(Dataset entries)

--- START ---

lemma pab_series_sums_qpoch_inf_ratio:
  assumes "\<alpha> = q" "norm t < norm z" "\<tau> \<noteq> 0" "of_real q * (\<tau> + 1/\<tau>) = of_real \<beta> * (z + 1/z)"
  shows "(\<lambda>n. qpoch (of_real \<beta>) q n / qpoch (of_real \<alpha>) q n * pab \<alpha> \<beta> q n (z + 1/z) * t ^ n)
           sums (qpoch_inf (of_real q * \<tau> * t) q * qpoch_inf (of_real q * t / \<tau>) q
                 / (qpoch_inf (z * t) q * qpoch_inf (t / z) q))"
  using P_series_sums[OF assms(2)] unfolding F_eq_qpoch_inf_ratio[OF assms] scaled_pab_def .

end

theorem theorem2p16:
  fixes q \<alpha> \<beta> :: real and t z :: complex
  assumes q: "0 < q" "q < 1"
    and \<beta>: "\<beta> < 1"
    and tz: "cmod t < cmod z" "cmod z < 1"
  shows "(\<bar>\<alpha>\<bar> < q \<longrightarrow>
           (\<lambda>n. qpoch (of_real \<beta>) q n / qpoch (of_real \<alpha>) q n
                 * pab \<alpha> \<beta> q n (z + 1/z) * t ^ n)
           sums ((1 - of_real (\<alpha> / q)) / ((1 - z * t) * (1 - t / z)) * phi32_tau \<alpha> \<beta> q z t))
       \<and> (\<forall>\<tau>::complex. \<tau> \<noteq> 0 \<longrightarrow> of_real q * (\<tau> + 1/\<tau>) = of_real \<beta> * (z + 1/z) \<longrightarrow>
           (\<lambda>n. qpoch (of_real \<beta>) q n / qpoch (of_real q) q n
                 * pab q \<beta> q n (z + 1/z) * t ^ n)
           sums (qpoch_inf (of_real q * \<tau> * t) q * qpoch_inf (of_real q * t / \<tau>) q
                 / (qpoch_inf (z * t) q * qpoch_inf (t / z) q)))"
proof -
  have setting: "pab_generating_function q a \<beta> z" if "a < 1" for a
    using q \<beta> tz that by unfold_locales auto
  show ?thesis
    using pab_generating_function.pab_series_sums_phi32[OF setting _ tz(1), of \<alpha>]
      pab_generating_function.pab_series_sums_qpoch_inf_ratio[OF setting[OF q(2)] refl tz(1)] q
    by auto
qed

end
(* Assume the Lyapunov exponent $L:\mathbb{R}\to[0,\infty)$ is continuous. Then $L$ attains its minimum on $\mathbb{R}$, and for $P$-almost every $\omega\in\Omega$, $$0\le\liminf_{N\to\infty}\left(-\frac1N\log\mathcal{I}(N,\omega)\right)\le\limsup_{N\to\infty}\left(-\frac1N\log\mathcal{I}(N,\omega)\right)\le2\min_{E\in\mathbb{R}}L(E).$$
   Context: Let $(\Omega,\mathcal F,P)$ be a probability space and $\phi:\Omega\to\Omega$ a measurable bijection with measurable inverse that preserves $P$ and is ergodic (every $\phi$-invariant measurable set has probability $0$ or $1$). Let $f:\Omega\to\mathbb{R}$ be bounded and measurable, and put $v_\omega(n)=f(\phi^n\omega)$, $n\in\mathbb{Z}$. For $E\in\mathbb{R}$ let $T_{N,\omega}(E)=A_{N,\omega}(E)\cdots A_{1,\omega}(E)$ with $A_{n,\omega}(E)=\begin{pmatrix}v_\omega(n)-E&-1\\1&0\end{pmatrix}$; $\|\cdot\|$ is the operator norm. The Lyapunov exponent is $L(E)=\lim_{N\to\infty}\frac1N\int_\Omega\log\|T_{N,\omega}(E)\|\,dP(\omega)=\inf_{N\ge1}\frac1N\int_\Omega\log\|T_{N,\omega}(E)\|\,dP(\omega)$. Define $\mathcal{I}(N,\omega)=\int_{-\infty}^{\infty}\frac{dE}{\|T_{N,\omega}(E)\|^2}$. *)

theory Defs
  imports "HOL-Probability.Probability"
begin

text \<open>Potential v_omega(n) = f(phi^n omega) (only n >= 1 is needed below).\<close>
definition pot :: "('a \<Rightarrow> 'a) \<Rightarrow> ('a \<Rightarrow> real) \<Rightarrow> 'a \<Rightarrow> nat \<Rightarrow> real" where
  "pot phi f \<omega> n = f ((phi ^^ n) \<omega>)"

definition step_mat :: "('a \<Rightarrow> 'a) \<Rightarrow> ('a \<Rightarrow> real) \<Rightarrow> nat \<Rightarrow> 'a \<Rightarrow> real \<Rightarrow> real^2^2" where
  "step_mat phi f n \<omega> E = (\<chi> i j.
      if i = 1 then (if j = 1 then pot phi f \<omega> n - E else -1)
      else (if j = 1 then 1 else 0))"

fun transfer :: "('a \<Rightarrow> 'a) \<Rightarrow> ('a \<Rightarrow> real) \<Rightarrow> nat \<Rightarrow> 'a \<Rightarrow> real \<Rightarrow> real^2^2" where
  "transfer phi f 0 \<omega> E = mat 1"
| "transfer phi f (Suc N) \<omega> E = step_mat phi f (Suc N) \<omega> E ** transfer phi f N \<omega> E"

definition opnorm :: "real^2^2 \<Rightarrow> real" where
  "opnorm A = onorm (\<lambda>x. A *v x)"

definition lyap :: "'a measure \<Rightarrow> ('a \<Rightarrow> 'a) \<Rightarrow> ('a \<Rightarrow> real) \<Rightarrow> real \<Rightarrow> real" where
  "lyap M phi f E = lim (\<lambda>N. (1 / real N) * (\<integral>\<omega>. ln (opnorm (transfer phi f N \<omega> E)) \<partial>M))"

definition Iint :: "('a \<Rightarrow> 'a) \<Rightarrow> ('a \<Rightarrow> real) \<Rightarrow> nat \<Rightarrow> 'a \<Rightarrow> real" where
  "Iint phi f N \<omega> = (\<integral>E. 1 / (opnorm (transfer phi f N \<omega> E))\<^sup>2 \<partial>lborel)"

end

theory Submission
  imports Defs
begin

--- END ---

*THE TASK*.
What is needed is every line from the start of the entries through the line containing "sums ((1 - of_real", returned word for word and nothing else.

*EXERCISE RESPONSE*.
lemma pab_series_sums_qpoch_inf_ratio:
  assumes "\<alpha> = q" "norm t < norm z" "\<tau> \<noteq> 0" "of_real q * (\<tau> + 1/\<tau>) = of_real \<beta> * (z + 1/z)"
  shows "(\<lambda>n. qpoch (of_real \<beta>) q n / qpoch (of_real \<alpha>) q n * pab \<alpha> \<beta> q n (z + 1/z) * t ^ n)
           sums (qpoch_inf (of_real q * \<tau> * t) q * qpoch_inf (of_real q * t / \<tau>) q
                 / (qpoch_inf (z * t) q * qpoch_inf (t / z) q))"
  using P_series_sums[OF assms(2)] unfolding F_eq_qpoch_inf_ratio[OF assms] scaled_pab_def .

end

theorem theorem2p16:
  fixes q \<alpha> \<beta> :: real and t z :: complex
  assumes q: "0 < q" "q < 1"
    and \<beta>: "\<beta> < 1"
    and tz: "cmod t < cmod z" "cmod z < 1"
  shows "(\<bar>\<alpha>\<bar> < q \<longrightarrow>
           (\<lambda>n. qpoch (of_real \<beta>) q n / qpoch (of_real \<alpha>) q n
                 * pab \<alpha> \<beta> q n (z + 1/z) * t ^ n)
           sums ((1 - of_real (\<alpha> / q)) / ((1 - z * t) * (1 - t / z)) * phi32_tau \<alpha> \<beta> q z t))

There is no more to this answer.